A sustainable city secures the opportunities for a good life for present and future generations on an equal footing, while taking into account the limited natural resources and carrying capacity of our entire planet. Economic activity should be limited so that biodiversity does not suffer while at the same time supporting the empowerment and social justice of inhabitants.
At the heart of social sustainability is social justice and inclusion, which cities implement through their own actions. In a socially sustainable city, the transmission of disadvantage from one generation to the next is prevented, and inequality is reduced, for example through a wide range of services.
The challenge is to combine high wellfare with environmental sustainability
Important themes for sustainable development in Helsinki include low carbon, a smart city, health and social sustainability.
The challenge of sustainable development is that it has not been possible to achieve high levels of well-being in an environmentally sustainable way. Efforts are being made to improve the sustainability of cities by developing new solutions, making old practices more sustainable, multiplying good practices and strengthening international cooperation.
The challenges of sustainability in the environment are urgent, as climate change is a huge crisis that already requires fast action. However, the prevailing COVID-19 pandemic shows that social sustainability can also be fragile as the normal daily lives of many people are upset as a result of the global health crisis.
The UN’s sustainable development plan, Agenda 2030, serves as a guiding framework for sustainable development. In 2015, the UN member states agreed at a summit in New York on sustainable development goals and an action plan, the purpose of which is to guide global development efforts until 2030. The agreement contains 17 different goals focusing on sustainable development. The shared action plan sets shared goals for all countries for the next 15 years. Finland is strongly committed to the Agenda goals and has already published two Voluntary Local Reviews.
Sustainable development is part of the City of Helsinki’s core operations
As regards the actual implementation of the UN’s Sustainable Development Goals, a significant share is conducted at the local level. As such, cities play an important role in ensuring the successful achievement of the goals. Municipalities play a major role, especially in Finland: they are responsible for many functions and services related to social, ecological and financial sustainability.
Helsinki is committed to the Sustainable Development Goals (SDG) of the Agenda 2030 plan, wants to promote the achievement of these goals and highlights the role of cities in the achievement of the SDGs. Helsinki was the second city in the world to publish its first Voluntary Local Review back in 2019.
Helsinki is doing well in comparisons
By many international indicators, Helsinki is doing well in the field of sustainable development. One of Helsinki’s strengths is that the spirit of the SDGs in terms of respecting the environment, wellbeing, equality and cooperation can already be seen relatively well in the City’s values and operations. For example, the starting point in arranging basic services is that the services must be open and available to all.
Accordingly, sustainable development is in many ways part of the City’s core operations, and its connection with the UN’s Sustainable Development Goals is not always something that people even think about.

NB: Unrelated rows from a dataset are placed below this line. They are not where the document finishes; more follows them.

lemma smoothed_grad_measurable[measurable]: "smoothed_grad \<in> borel_measurable borel"
proof -
  interpret std_gauss: prob_space "std_gauss :: (real^'d) measure" by (rule prob_space_std_gauss)
  have "sets (borel \<Otimes>\<^sub>M (std_gauss :: (real^'d) measure)) = sets (borel \<Otimes>\<^sub>M borel)"
    by (rule sets_pair_measure_cong) simp_all
  then have "(\<lambda>(v, u). two_point_est v u $ i) \<in> borel_measurable (borel \<Otimes>\<^sub>M (std_gauss :: (real^'d) measure))" for i
    unfolding measurable_split_conv by (subst measurable_cong_sets[OF _ refl]) measurable
  then show ?thesis
    unfolding smoothed_grad_def by (simp add: std_gauss.borel_measurable_lebesgue_integral)
qed

lemma smoothed_grad_bounded:
  obtains B where "\<And>v. norm (smoothed_grad v) \<le> B"
proof
  define m2 where "m2 = (\<integral>u. (norm u)\<^sup>2 \<partial>(std_gauss :: (real^'d) measure))"
  have component: "\<bar>smoothed_grad v $ i\<bar> \<le> L * m2" for v i
  proof -
    have "\<bar>smoothed_grad v $ i\<bar> \<le> (\<integral>u. \<bar>two_point_est v u $ i\<bar> \<partial>std_gauss)"
      unfolding smoothed_grad_def by (simp add: integral_abs_bound)
    also have "\<dots> \<le> (\<integral>u. L * (norm u)\<^sup>2 \<partial>(std_gauss :: (real^'d) measure))"
      by (intro integral_mono)
         (simp_all add: integrable_two_point_est_component integrable_std_gauss_norm_sq abs_two_point_est_component_le)
    finally show ?thesis by (simp add: m2_def)
  qed
  show "norm (smoothed_grad v) \<le> real CARD('d) * (L * m2)" for v
    using norm_le_l1_cart[of "smoothed_grad v"] sum_bounded_above[of UNIV "\<lambda>i. \<bar>smoothed_grad v $ i\<bar>" "L * m2"]
      component by (simp add: order_trans)
qed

Helsinki has an enormous amount of know-how, inspiration and ability to implement the SDGs, which is what many of the stories of the City’s different operations focus on.
From the perspective of sustainable development, examples of Helsinki’s strengths include high-quality and equal educational, cultural and leisure-time services, good health care, functional infrastructure and clean nature, as well as the development of a functional and smart city.

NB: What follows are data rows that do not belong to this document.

lemma germ_hom_updI:
  assumes F: "is_filter F"
    and mem: "\<And>a b. f a b \<in> F \<Longrightarrow> a \<in> F"
    and both: "\<And>a b. a \<in> F \<Longrightarrow> b \<in> F \<Longrightarrow> germ_eq F (f a b) b"
    and left: "\<And>a b. a \<in> F \<Longrightarrow> b \<notin> F \<Longrightarrow> germ_eq F (f a b) a"
  shows "option_hom PUpd f (germ F)"
  unfolding option_hom_def
proof (intro allI)
  fix a b
  show "germ F (f a b) = opt_op PUpd (germ F a) (germ F b)"
    using mem[of a b] germ_cong[OF F both[of a b]] germ_cong[OF F left[of a b]]
    by (cases "a \<in> F"; cases "b \<in> F") auto
qed

text \<open>The empty function lies in no filter {a. x \<in> dom a}; the minus signatures need this.\<close>

definition zero_free :: "'a set \<Rightarrow> bool" where
  "zero_free F \<longleftrightarrow> (\<forall>z. (\<forall>y. z \<cdot> y = z \<and> y \<cdot> z = z) \<longrightarrow> z \<notin> F)"

lemma separation_below:
  assumes "\<not> s \<preceq> t"
  obtains F where "is_prime_filter F" "zero_free F" "s \<in> F" "t \<notin> F"
proof -
  from assms have "s \<notin> {y. y \<preceq> t}" by simp
  then obtain F where F: "is_prime_filter F" "s \<in> F" and disjoint: "F \<inter> {y. y \<preceq> t} = {}"
    by (rule prime_filter_exists[OF ideal_principal])
  then have "t \<notin> F" using below_refl by blast
  moreover have "zero_free F"
    using disjoint unfolding zero_free_def below_def by blast
  ultimately show thesis using that F by blast
qed

lemma separation:
  assumes "s \<noteq> t"
  obtains F where "is_prime_filter F" "zero_free F" "germ F s \<noteq> germ F t"
proof (cases "s \<preceq> t \<and> t \<preceq> s")
  case False
  then consider "\<not> s \<preceq> t" | "\<not> t \<preceq> s" by blast
  then show thesis
  proof cases
    case 1
    then obtain F where "is_prime_filter F" "zero_free F" "s \<in> F" "t \<notin> F"
      by (rule separation_below)
    then show thesis using that[of F] by (metis germ_None_iff)
  next
    case 2
    then obtain F where "is_prime_filter F" "zero_free F" "t \<in> F" "s \<notin> F"
      by (rule separation_below)
    then show thesis using that[of F] by (metis germ_None_iff)
  qed
next
  case True
  with assms have "s \<notin> {u. u \<cdot> s = u \<cdot> t}" by (simp add: below_def)
  then obtain F where F: "is_prime_filter F" "s \<in> F"
    and disjoint: "F \<inter> {u. u \<cdot> s = u \<cdot> t} = {}"
    by (rule prime_filter_exists[OF ideal_equalizer])
  from disjoint have "\<not> germ_eq F s t" by (auto simp: germ_eq_def)
  then have "germ F s \<noteq> germ F t"
    using germ_eq_iff[OF prime_filter_imp_filter[OF F(1)] F(2)] by simp
  moreover have "zero_free F"
    unfolding zero_free_def
  proof (intro allI impI)
    fix z
    assume "\<forall>y. z \<cdot> y = z \<and> y \<cdot> z = z"
    then have "z \<cdot> s = z \<cdot> t" by simp
    with disjoint show "z \<notin> F" by blast
  qed
  ultimately show thesis using that F(1) by blast
qed

theorem representable_if_germ_homs:
  assumes "\<And>F. is_prime_filter F \<Longrightarrow> zero_free F \<Longrightarrow> \<forall>(s, f) \<in> set ops. option_hom s f (germ F)"
  shows "representable_in TYPE('a \<times> 'a) TYPE('a) ops"
proof (rule representable_in_if_separating)
  fix s t :: 'a
  assume "s \<noteq> t"
  then obtain F where F: "is_prime_filter F" "zero_free F" "germ F s \<noteq> germ F t"
    by (rule separation)
  show "\<exists>\<phi> :: 'a \<Rightarrow> 'a option. (\<forall>(p, f) \<in> set ops. option_hom p f \<phi>) \<and> \<phi> s \<noteq> \<phi> t"
    using assms[OF F(1,2)] F(3) by blast
qed

end

section \<open>Intersection, override and update over a right normal band\<close>

locale rnb_isect =
  fixes comp :: "'a \<Rightarrow> 'a \<Rightarrow> 'a"  (infixl \<open>\<cdot>\<close> 70)
    and isect :: "'a \<Rightarrow> 'a \<Rightarrow> 'a"
  assumes rnb_int: "rnb_int (\<cdot>) isect"
begin

sublocale right_normal_band
  using rnb_int by unfold_locales (simp add: rnb_int_def)

lemma isect_comm: "isect x y = isect y x"
  using rnb_int by (simp add: rnb_int_def semilattice_op_def)

lemma isect_idem: "isect x x = x"
  using rnb_int by (simp add: rnb_int_def semilattice_op_def)

lemma isect_comp: "isect x y \<cdot> x = isect x y"
  using rnb_int by (simp add: rnb_int_def)

lemma comp_isect: "x \<cdot> isect y z = isect (x \<cdot> y) z"
  using rnb_int by (simp add: rnb_int_def)

lemma isect_mem_iff:
  assumes F: "is_filter F"
  shows "isect a b \<in> F \<longleftrightarrow> germ_eq F a b"
proof
  assume "isect a b \<in> F"
  moreover have "isect a b \<cdot> a = isect a b" "isect a b \<cdot> b = isect a b"
    using isect_comp[of a b] isect_comp[of b a] by (simp_all add: isect_comm)
  ultimately show "germ_eq F a b"
    using F by (metis germ_eq_if_restriction idem)
next
  assume "germ_eq F a b"
  then obtain u where "u \<in> F" "b \<in> F" "u \<cdot> a = u \<cdot> b" by (auto simp: germ_eq_def)
  have "u \<cdot> isect a b = isect (u \<cdot> b) b" using \<open>u \<cdot> a = u \<cdot> b\<close> by (simp add: comp_isect)
  also have "\<dots> = u \<cdot> b" by (simp only: comp_isect[symmetric] isect_idem)
  finally have "u \<cdot> isect a b \<in> F" using F \<open>u \<in> F\<close> \<open>b \<in> F\<close> by (simp add: filter_comp_iff)
  with F show "isect a b \<in> F" by (simp add: filter_comp_iff)
qed

lemma germ_hom_isect:
  assumes F: "is_filter F"
  shows "option_hom PInter isect (germ F)"
proof (rule germ_hom_interI[OF F])
  show "isect a b \<in> F \<longleftrightarrow> germ_eq F a b" for a b
    by (rule isect_mem_iff[OF F])
  show "germ_eq F (isect a b) a" if "isect a b \<in> F" for a b
    using germ_eq_if_restriction[OF F that] isect_comp by simp
qed

lemma representable:
  "representable_in TYPE('a \<times> 'a) TYPE('a) [(PRes, (\<cdot>)), (PInter, isect)]"
  by (rule representable_if_germ_homs)
    (simp add: germ_hom_comp germ_hom_isect prime_filter_imp_filter)

end

locale rnb_isect_ovr =
  fixes comp :: "'a \<Rightarrow> 'a \<Rightarrow> 'a"  (infixl \<open>\<cdot>\<close> 70)
    and isect ovr :: "'a \<Rightarrow> 'a \<Rightarrow> 'a"
  assumes rnb_int_ovr: "rnb_int_ovr (\<cdot>) isect ovr"
begin

sublocale rnb_isect
  using rnb_int_ovr by unfold_locales (simp add: rnb_int_ovr_def)

lemma comp_ovr: "s \<cdot> ovr s t = s"
  using rnb_int_ovr by (simp add: rnb_int_ovr_def)

lemma ovr_isect: "ovr (isect (ovr s t) t) s = ovr s t"
  using rnb_int_ovr by (simp add: rnb_int_ovr_def)

lemma ovr_comp: "ovr s t \<cdot> u = ovr (s \<cdot> u) (t \<cdot> u)"
  using rnb_int_ovr by (simp add: rnb_int_ovr_def)

lemma below_ovr_right: "b \<preceq> ovr a b"
  unfolding below_def by (metis comp_isect isect_comm isect_idem comp_ovr ovr_isect ovr_comp)

lemma germ_hom_ovr:
  assumes F: "is_prime_filter F"
  shows "option_hom POvr ovr (germ F)"
proof (rule germ_hom_ovrI)
  show "is_filter F" using F by (rule prime_filter_imp_filter)
  have covered: "covered (ovr a b) a b" for a b
    by (simp add: covered_def ovr_comp)
  show "a \<in> F \<or> b \<in> F" if "ovr a b \<in> F" for a b
    using F that covered by (auto simp: is_prime_filter_def)
  show "germ_eq F (ovr a b) a" if "a \<in> F" for a b
    using germ_eq_if_restriction[OF \<open>is_filter F\<close> that] comp_ovr by simp
  show "germ_eq F (ovr a b) b" if "a \<notin> F" "b \<in> F" for a b
  proof -
    have "covered (ovr a b) (isect (ovr a b) b) a"
      using covered[of "isect (ovr a b) b" a] by (simp add: ovr_isect)
    moreover have "ovr a b \<in> F"
      using filter_up[OF \<open>is_filter F\<close> that(2) below_ovr_right] .
    ultimately have "isect (ovr a b) b \<in> F"
      using F that(1) by (auto simp: is_prime_filter_def)
    then show ?thesis using isect_mem_iff[OF \<open>is_filter F\<close>] by blast
  qed
qed

lemma representable:
  "representable_in TYPE('a \<times> 'a) TYPE('a) [(PRes, (\<cdot>)), (PInter, isect), (POvr, ovr)]"
  by (rule representable_if_germ_homs)
    (simp add: germ_hom_comp germ_hom_isect germ_hom_ovr prime_filter_imp_filter)

end

locale rnb_isect_upd =
  fixes comp :: "'a \<Rightarrow> 'a \<Rightarrow> 'a"  (infixl \<open>\<cdot>\<close> 70)
    and isect upd :: "'a \<Rightarrow> 'a \<Rightarrow> 'a"
  assumes rnb_int_upd: "rnb_int_upd (\<cdot>) isect upd"
begin

sublocale rnb_isect
  using rnb_int_upd unfolding rnb_int_upd_def by unfold_locales blast

lemma upd_upd: "upd s (upd s t) = upd s t"
  using rnb_int_upd unfolding rnb_int_upd_def by metis

lemma comp_eq_comp_upd: "s \<cdot> t = t \<cdot> upd s t"
  using rnb_int_upd unfolding rnb_int_upd_def by metis

lemma upd_cancel:
  "isect x (upd x y) \<cdot> a = isect x (upd x y) \<cdot> b \<Longrightarrow> y \<cdot> a = y \<cdot> b \<Longrightarrow> x \<cdot> a = x \<cdot> b"
  using rnb_int_upd unfolding rnb_int_upd_def by blast

lemma comp_upd: "s \<cdot> upd s t = upd s t"
  using comp_eq_comp_upd[of s "upd s t"] by (simp add: upd_upd)

lemma germ_hom_upd:
  assumes F: "is_prime_filter F"
  shows "option_hom PUpd upd (germ F)"
proof (rule germ_hom_updI)
  show filter: "is_filter F" using F by (rule prime_filter_imp_filter)
  show "a \<in> F" if "upd a b \<in> F" for a b
    using filter_up[OF filter that, of a] comp_upd by (simp add: below_def)
  show "germ_eq F (upd a b) b" if "a \<in> F" "b \<in> F" for a b
    using germ_eq_if_comp_eq[OF filter that comp_upd comp_eq_comp_upd] .
  show "germ_eq F (upd a b) a" if "a \<in> F" "b \<notin> F" for a b
  proof -
    have "covered a (isect a (upd a b)) b"
      unfolding covered_def using upd_cancel by blast
    with F that have "isect a (upd a b) \<in> F" by (auto simp: is_prime_filter_def)
    then show ?thesis using isect_mem_iff[OF filter] germ_eq_sym by blast
  qed
qed

lemma representable:
  "representable_in TYPE('a \<times> 'a) TYPE('a) [(PRes, (\<cdot>)), (PInter, isect), (PUpd, upd)]"
  by (rule representable_if_germ_homs)
    (simp add: germ_hom_comp germ_hom_isect germ_hom_upd prime_filter_imp_filter)

end

section \<open>Minus-algebras\<close>

locale minus_algebra =
  fixes comp :: "'a \<Rightarrow> 'a \<Rightarrow> 'a"  (infixl \<open>\<cdot>\<close> 70)
    and diff :: "'a \<Rightarrow> 'a \<Rightarrow> 'a"  (infixl \<open>\<ominus>\<close> 65)
  assumes minus_alg: "minus_alg (\<cdot>) (\<ominus>)"
begin

sublocale right_normal_band
  using minus_alg unfolding minus_alg_def by unfold_locales blast

lemma minus_zero:
  obtains z where "\<And>x. x \<ominus> x = z" "\<And>x. x \<cdot> z = z" "\<And>x. z \<cdot> x = z" "\<And>x y. (x \<ominus> y) \<cdot> y = z"
proof -
  from minus_alg obtain z
    where "\<forall>x. x \<ominus> x = z" "\<forall>x. x \<cdot> z = z \<and> z \<cdot> x = z" "\<forall>x y. (x \<ominus> y) \<cdot> y = z"
    unfolding minus_alg_def by blast
  then show thesis using that by blast
qed

lemma diff_self: "x \<ominus> x = y \<ominus> y"
  by (rule minus_zero) simp

lemma zero_comp [simp]: "(x \<ominus> x) \<cdot> y = x \<ominus> x"
  by (rule minus_zero) simp

lemma comp_zero [simp]: "y \<cdot> (x \<ominus> x) = x \<ominus> x"
  by (rule minus_zero) simp

lemma diff_comp_right: "(x \<ominus> y) \<cdot> y = y \<ominus> y"
  by (rule minus_zero) simp

lemma diff_comp_left: "(x \<ominus> y) \<cdot> x = x \<ominus> y"
  using minus_alg unfolding minus_alg_def by blast

lemma diff_comp: "(x \<ominus> y) \<cdot> z = x \<cdot> z \<ominus> y"
  using minus_alg unfolding minus_alg_def by blast

lemma diff_cancel: "s \<ominus> x = t \<ominus> x \<Longrightarrow> x \<cdot> s = x \<cdot> t \<Longrightarrow> s = t"
  using minus_alg unfolding minus_alg_def by blast

lemma covered_diff: "covered a b (a \<ominus> b)"
  unfolding covered_def
proof (intro allI impI)
  fix z z'
  assume agree: "b \<cdot> z = b \<cdot> z' \<and> (a \<ominus> b) \<cdot> z = (a \<ominus> b) \<cdot> z'"
  show "a \<cdot> z = a \<cdot> z'"
  proof (rule diff_cancel)
    show "a \<cdot> z \<ominus> b = a \<cdot> z' \<ominus> b" using agree by (simp add: diff_comp)
    show "b \<cdot> (a \<cdot> z) = b \<cdot> (a \<cdot> z')" using agree by (simp add: left_commute[of b])
  qed
qed

lemma diff_mem_iff:
  assumes F: "is_prime_filter F" "zero_free F"
  shows "a \<ominus> b \<in> F \<longleftrightarrow> a \<in> F \<and> b \<notin> F"
proof -
  have filter: "is_filter F" using F(1) by (rule prime_filter_imp_filter)
  have "b \<ominus> b \<notin> F"
    using F(2) unfolding zero_free_def by simp
  then have "\<not> (a \<ominus> b \<in> F \<and> b \<in> F)"
    using filter diff_comp_right[of a b] by (metis filter_comp_iff)
  moreover have "a \<ominus> b \<in> F \<Longrightarrow> a \<in> F"
    using filter_up[OF filter] below_if_comp_eq[OF diff_comp_left] by blast
  moreover have "a \<in> F \<Longrightarrow> b \<notin> F \<Longrightarrow> a \<ominus> b \<in> F"
    using F(1) covered_diff[of a b] unfolding is_prime_filter_def by blast
  ultimately show ?thesis by blast
qed

lemma germ_hom_diff:
  assumes F: "is_prime_filter F" "zero_free F"
  shows "option_hom PMinus (\<ominus>) (germ F)"
proof (rule germ_hom_minusI)
  show filter: "is_filter F" using F(1) by (rule prime_filter_imp_filter)
  show "a \<ominus> b \<in> F \<longleftrightarrow> a \<in> F \<and> b \<notin> F" for a b
    by (rule diff_mem_iff[OF F])
  show "germ_eq F (a \<ominus> b) a" if "a \<ominus> b \<in> F" for a b
    using germ_eq_if_restriction[OF filter that] diff_comp_left by simp
qed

Climate change and increasing inequality as challenges
Despite its good starting position, Helsinki has a lot left to do to achieve the SDGs. The City’s challenges have particularly to do with preventing climate change, consumption and securing biodiversity.
In terms of social sustainability, the challenges are related to increasing inequality, health differences between income classes and residential areas, and mental wellbeing. Challenges with financial sustainability have to do with increasing perceived income differences and housing costs, a declining employment situation and transitioning from linear economy to circular economy.
In general, challenges are posed to the promotion of sustainability by the fragmentation of measures through operational and financial planning into several separate programmes and measures carried out by the City’s different organisations. The SDG framework of Agenda 2030 challenges the City to engage in broader examinations of sustainability across council terms and perceive larger wholes and their connections. However, during the current council term, the City has developed better coordination of strategic wholes, e.g. through broad and cross-cutting wellbeing and health plans and the Carbon-neutral Helsinki programme, and by giving thought to how the City’s occasionally conflicting objectives could be coordinated sustainably.
How do the people of Helsinki see a sustainable city?
Helsinki the second city in the world to report to the UN
Helsinki was the second city in the world to commit to the local sustainable development reporting model created by the City of New York. Alongside New York and a host of other partners, we have worked since 2018 to promote the extensive global adoption of the reporting scheme.